# Problem details
From the entries below, say how many lines carry the word "intro", and give nothing but the number.

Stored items
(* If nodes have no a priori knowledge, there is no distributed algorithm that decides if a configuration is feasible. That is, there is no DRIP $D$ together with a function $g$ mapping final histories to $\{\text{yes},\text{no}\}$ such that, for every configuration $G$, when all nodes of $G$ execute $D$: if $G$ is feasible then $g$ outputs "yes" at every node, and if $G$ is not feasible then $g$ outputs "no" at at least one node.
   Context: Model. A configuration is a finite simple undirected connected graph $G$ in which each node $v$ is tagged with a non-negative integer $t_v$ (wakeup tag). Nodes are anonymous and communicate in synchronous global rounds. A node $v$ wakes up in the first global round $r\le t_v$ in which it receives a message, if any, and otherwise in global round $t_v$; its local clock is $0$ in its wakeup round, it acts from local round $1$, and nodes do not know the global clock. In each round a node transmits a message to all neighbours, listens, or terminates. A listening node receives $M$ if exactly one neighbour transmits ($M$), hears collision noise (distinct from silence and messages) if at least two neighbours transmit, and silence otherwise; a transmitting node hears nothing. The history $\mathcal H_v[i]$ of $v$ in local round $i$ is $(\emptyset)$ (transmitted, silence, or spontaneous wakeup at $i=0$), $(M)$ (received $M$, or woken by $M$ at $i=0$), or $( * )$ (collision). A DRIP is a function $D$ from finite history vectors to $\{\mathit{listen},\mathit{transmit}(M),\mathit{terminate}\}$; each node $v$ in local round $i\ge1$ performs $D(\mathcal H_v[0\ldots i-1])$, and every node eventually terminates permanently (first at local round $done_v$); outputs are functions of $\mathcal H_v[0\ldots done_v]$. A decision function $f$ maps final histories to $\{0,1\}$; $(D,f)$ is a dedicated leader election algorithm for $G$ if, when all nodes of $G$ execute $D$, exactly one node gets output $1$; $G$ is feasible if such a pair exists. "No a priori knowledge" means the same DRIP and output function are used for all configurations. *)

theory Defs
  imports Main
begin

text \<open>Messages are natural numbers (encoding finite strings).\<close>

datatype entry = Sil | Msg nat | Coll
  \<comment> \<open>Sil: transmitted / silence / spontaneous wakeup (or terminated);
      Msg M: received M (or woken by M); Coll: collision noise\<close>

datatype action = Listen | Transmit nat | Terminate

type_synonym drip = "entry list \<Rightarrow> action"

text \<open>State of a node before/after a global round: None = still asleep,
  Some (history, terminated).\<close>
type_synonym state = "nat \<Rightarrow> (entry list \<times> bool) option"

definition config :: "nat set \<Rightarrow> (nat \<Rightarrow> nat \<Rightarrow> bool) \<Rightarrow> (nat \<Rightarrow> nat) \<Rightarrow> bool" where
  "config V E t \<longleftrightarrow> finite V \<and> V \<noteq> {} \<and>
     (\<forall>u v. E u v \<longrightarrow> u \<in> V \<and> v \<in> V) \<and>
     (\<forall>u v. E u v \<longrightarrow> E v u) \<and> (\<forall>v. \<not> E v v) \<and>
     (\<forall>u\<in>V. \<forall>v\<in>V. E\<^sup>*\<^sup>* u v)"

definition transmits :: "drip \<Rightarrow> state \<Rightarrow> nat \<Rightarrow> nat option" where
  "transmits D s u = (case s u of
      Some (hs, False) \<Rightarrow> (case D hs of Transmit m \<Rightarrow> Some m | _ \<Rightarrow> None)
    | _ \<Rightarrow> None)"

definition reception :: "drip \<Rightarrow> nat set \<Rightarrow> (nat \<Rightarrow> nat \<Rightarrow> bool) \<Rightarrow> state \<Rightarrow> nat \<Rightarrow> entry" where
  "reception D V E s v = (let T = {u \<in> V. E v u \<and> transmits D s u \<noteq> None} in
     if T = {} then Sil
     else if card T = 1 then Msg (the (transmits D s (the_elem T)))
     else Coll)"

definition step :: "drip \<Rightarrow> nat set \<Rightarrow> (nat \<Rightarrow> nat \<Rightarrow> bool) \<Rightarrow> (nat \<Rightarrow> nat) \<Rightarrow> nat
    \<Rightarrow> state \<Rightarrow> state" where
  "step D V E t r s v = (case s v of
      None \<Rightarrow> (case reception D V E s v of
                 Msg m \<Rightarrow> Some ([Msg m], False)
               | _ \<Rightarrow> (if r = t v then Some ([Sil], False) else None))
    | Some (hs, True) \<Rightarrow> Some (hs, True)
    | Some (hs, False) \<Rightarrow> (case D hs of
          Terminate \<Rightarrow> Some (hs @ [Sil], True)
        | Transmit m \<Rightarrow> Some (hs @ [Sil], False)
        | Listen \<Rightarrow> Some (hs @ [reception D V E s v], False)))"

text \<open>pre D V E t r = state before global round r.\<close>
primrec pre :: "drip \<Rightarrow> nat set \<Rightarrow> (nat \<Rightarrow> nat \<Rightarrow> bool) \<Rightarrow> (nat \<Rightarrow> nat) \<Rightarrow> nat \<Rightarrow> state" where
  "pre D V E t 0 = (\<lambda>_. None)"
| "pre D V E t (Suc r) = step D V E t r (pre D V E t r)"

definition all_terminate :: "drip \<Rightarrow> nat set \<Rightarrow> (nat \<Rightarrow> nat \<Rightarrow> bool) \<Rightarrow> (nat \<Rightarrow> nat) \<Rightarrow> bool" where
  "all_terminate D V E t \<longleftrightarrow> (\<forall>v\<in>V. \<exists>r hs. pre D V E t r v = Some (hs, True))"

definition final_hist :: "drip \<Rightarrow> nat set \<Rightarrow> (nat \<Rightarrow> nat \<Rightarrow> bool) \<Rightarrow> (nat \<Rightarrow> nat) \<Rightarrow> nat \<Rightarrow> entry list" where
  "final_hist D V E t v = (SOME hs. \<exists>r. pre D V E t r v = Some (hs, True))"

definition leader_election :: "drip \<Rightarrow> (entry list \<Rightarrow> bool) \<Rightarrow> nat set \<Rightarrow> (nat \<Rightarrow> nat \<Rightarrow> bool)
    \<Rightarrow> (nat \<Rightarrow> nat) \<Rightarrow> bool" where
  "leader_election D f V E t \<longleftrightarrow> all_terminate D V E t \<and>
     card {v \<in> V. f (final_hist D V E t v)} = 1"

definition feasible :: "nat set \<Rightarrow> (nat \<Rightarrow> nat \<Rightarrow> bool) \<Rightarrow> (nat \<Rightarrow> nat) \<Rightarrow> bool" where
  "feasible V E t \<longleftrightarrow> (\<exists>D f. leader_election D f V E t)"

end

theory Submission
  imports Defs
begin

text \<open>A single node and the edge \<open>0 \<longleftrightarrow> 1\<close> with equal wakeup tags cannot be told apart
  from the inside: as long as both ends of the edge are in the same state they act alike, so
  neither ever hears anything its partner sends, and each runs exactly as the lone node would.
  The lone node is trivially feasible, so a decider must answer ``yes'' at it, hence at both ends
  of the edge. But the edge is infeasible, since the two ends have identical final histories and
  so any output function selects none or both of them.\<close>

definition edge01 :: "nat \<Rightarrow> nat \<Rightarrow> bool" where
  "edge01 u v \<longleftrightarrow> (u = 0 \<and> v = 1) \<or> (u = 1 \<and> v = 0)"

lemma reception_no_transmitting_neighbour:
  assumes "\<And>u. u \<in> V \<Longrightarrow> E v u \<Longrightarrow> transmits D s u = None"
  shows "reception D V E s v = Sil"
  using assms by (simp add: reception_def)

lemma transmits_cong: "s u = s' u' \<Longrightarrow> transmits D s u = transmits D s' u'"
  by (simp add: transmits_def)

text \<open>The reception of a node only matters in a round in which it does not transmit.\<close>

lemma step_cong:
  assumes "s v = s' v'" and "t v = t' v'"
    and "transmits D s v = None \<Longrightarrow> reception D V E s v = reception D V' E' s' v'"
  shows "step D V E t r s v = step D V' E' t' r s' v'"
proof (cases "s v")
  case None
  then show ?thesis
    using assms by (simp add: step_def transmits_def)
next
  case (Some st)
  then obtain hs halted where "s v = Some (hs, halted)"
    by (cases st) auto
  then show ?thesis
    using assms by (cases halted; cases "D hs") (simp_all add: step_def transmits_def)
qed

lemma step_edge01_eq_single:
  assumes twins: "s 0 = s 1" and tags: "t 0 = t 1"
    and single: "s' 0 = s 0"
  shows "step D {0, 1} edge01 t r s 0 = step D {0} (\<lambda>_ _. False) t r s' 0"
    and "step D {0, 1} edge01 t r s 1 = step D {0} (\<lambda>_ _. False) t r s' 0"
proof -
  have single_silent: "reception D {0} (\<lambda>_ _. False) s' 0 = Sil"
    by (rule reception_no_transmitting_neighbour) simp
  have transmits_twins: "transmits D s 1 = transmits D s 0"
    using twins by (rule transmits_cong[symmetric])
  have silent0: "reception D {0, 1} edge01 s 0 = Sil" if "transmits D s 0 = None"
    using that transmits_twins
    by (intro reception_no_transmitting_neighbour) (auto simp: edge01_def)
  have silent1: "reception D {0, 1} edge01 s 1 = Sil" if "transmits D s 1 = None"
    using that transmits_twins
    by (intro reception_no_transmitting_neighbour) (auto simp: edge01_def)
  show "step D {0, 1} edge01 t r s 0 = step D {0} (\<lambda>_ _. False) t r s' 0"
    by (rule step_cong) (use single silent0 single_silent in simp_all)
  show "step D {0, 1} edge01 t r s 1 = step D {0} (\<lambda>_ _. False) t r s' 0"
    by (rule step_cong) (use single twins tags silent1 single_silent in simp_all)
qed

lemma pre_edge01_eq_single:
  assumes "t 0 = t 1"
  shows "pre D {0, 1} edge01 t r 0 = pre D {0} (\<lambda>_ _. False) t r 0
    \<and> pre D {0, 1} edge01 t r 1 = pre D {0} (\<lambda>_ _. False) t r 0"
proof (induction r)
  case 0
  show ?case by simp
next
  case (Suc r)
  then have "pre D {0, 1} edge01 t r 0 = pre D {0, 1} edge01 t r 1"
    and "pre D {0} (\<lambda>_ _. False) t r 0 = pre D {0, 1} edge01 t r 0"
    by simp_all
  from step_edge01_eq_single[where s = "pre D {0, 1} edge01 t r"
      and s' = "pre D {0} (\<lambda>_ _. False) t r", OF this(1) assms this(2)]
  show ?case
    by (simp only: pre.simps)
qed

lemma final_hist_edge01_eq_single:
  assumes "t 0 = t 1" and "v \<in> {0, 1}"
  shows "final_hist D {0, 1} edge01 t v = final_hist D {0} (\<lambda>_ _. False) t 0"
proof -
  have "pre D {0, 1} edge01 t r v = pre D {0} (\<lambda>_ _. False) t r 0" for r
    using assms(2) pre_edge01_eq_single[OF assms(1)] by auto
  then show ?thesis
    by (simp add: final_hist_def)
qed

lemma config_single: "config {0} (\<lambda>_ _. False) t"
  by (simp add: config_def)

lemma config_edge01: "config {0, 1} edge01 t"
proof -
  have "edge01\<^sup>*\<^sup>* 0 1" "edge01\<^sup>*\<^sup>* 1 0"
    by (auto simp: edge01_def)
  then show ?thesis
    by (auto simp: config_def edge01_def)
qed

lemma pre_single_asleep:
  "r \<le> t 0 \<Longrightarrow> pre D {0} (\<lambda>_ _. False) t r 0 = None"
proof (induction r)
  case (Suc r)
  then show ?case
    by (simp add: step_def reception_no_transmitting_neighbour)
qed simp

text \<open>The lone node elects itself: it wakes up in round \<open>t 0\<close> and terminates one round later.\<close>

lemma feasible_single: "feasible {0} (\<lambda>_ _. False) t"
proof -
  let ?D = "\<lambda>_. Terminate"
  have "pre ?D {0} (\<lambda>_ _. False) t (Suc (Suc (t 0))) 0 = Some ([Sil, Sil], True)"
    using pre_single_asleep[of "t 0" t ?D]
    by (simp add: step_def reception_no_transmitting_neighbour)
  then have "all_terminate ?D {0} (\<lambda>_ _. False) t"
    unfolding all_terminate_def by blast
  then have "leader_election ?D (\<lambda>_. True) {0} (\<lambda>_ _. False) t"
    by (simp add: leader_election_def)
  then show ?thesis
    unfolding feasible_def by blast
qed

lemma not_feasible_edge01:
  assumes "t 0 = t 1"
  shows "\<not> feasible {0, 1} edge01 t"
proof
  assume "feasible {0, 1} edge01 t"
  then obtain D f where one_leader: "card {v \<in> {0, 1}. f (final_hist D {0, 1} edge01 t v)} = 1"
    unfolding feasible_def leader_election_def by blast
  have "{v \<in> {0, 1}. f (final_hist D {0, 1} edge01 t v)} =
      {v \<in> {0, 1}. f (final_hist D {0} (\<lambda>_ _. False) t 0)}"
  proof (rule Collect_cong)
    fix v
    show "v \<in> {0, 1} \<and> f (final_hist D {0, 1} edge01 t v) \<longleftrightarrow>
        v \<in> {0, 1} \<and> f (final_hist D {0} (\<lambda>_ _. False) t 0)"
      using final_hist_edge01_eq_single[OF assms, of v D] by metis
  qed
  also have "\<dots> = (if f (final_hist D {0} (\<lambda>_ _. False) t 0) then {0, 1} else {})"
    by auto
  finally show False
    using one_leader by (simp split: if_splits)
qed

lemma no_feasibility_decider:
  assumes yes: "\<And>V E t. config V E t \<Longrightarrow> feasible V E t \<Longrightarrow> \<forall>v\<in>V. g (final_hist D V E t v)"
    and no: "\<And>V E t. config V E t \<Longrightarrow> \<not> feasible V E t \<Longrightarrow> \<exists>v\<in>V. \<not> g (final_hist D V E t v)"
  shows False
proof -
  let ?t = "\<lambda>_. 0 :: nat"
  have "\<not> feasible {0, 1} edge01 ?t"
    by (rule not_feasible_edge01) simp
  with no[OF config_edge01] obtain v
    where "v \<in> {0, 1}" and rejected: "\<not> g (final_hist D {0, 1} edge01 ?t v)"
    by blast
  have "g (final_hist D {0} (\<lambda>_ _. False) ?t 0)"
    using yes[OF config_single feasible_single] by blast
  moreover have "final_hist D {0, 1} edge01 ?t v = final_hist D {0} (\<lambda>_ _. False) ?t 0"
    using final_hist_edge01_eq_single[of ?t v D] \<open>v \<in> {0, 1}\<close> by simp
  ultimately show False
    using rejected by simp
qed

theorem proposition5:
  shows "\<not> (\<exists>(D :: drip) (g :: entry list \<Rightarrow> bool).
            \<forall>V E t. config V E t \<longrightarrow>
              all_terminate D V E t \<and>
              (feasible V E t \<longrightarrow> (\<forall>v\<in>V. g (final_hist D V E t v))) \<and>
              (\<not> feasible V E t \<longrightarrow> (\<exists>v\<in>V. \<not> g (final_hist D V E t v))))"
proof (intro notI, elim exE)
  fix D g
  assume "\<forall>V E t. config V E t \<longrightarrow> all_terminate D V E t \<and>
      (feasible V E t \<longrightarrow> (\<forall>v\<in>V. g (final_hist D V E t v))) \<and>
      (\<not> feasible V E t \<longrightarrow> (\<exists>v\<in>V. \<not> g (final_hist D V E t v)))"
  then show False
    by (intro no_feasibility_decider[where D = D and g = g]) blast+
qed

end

# Answer space
4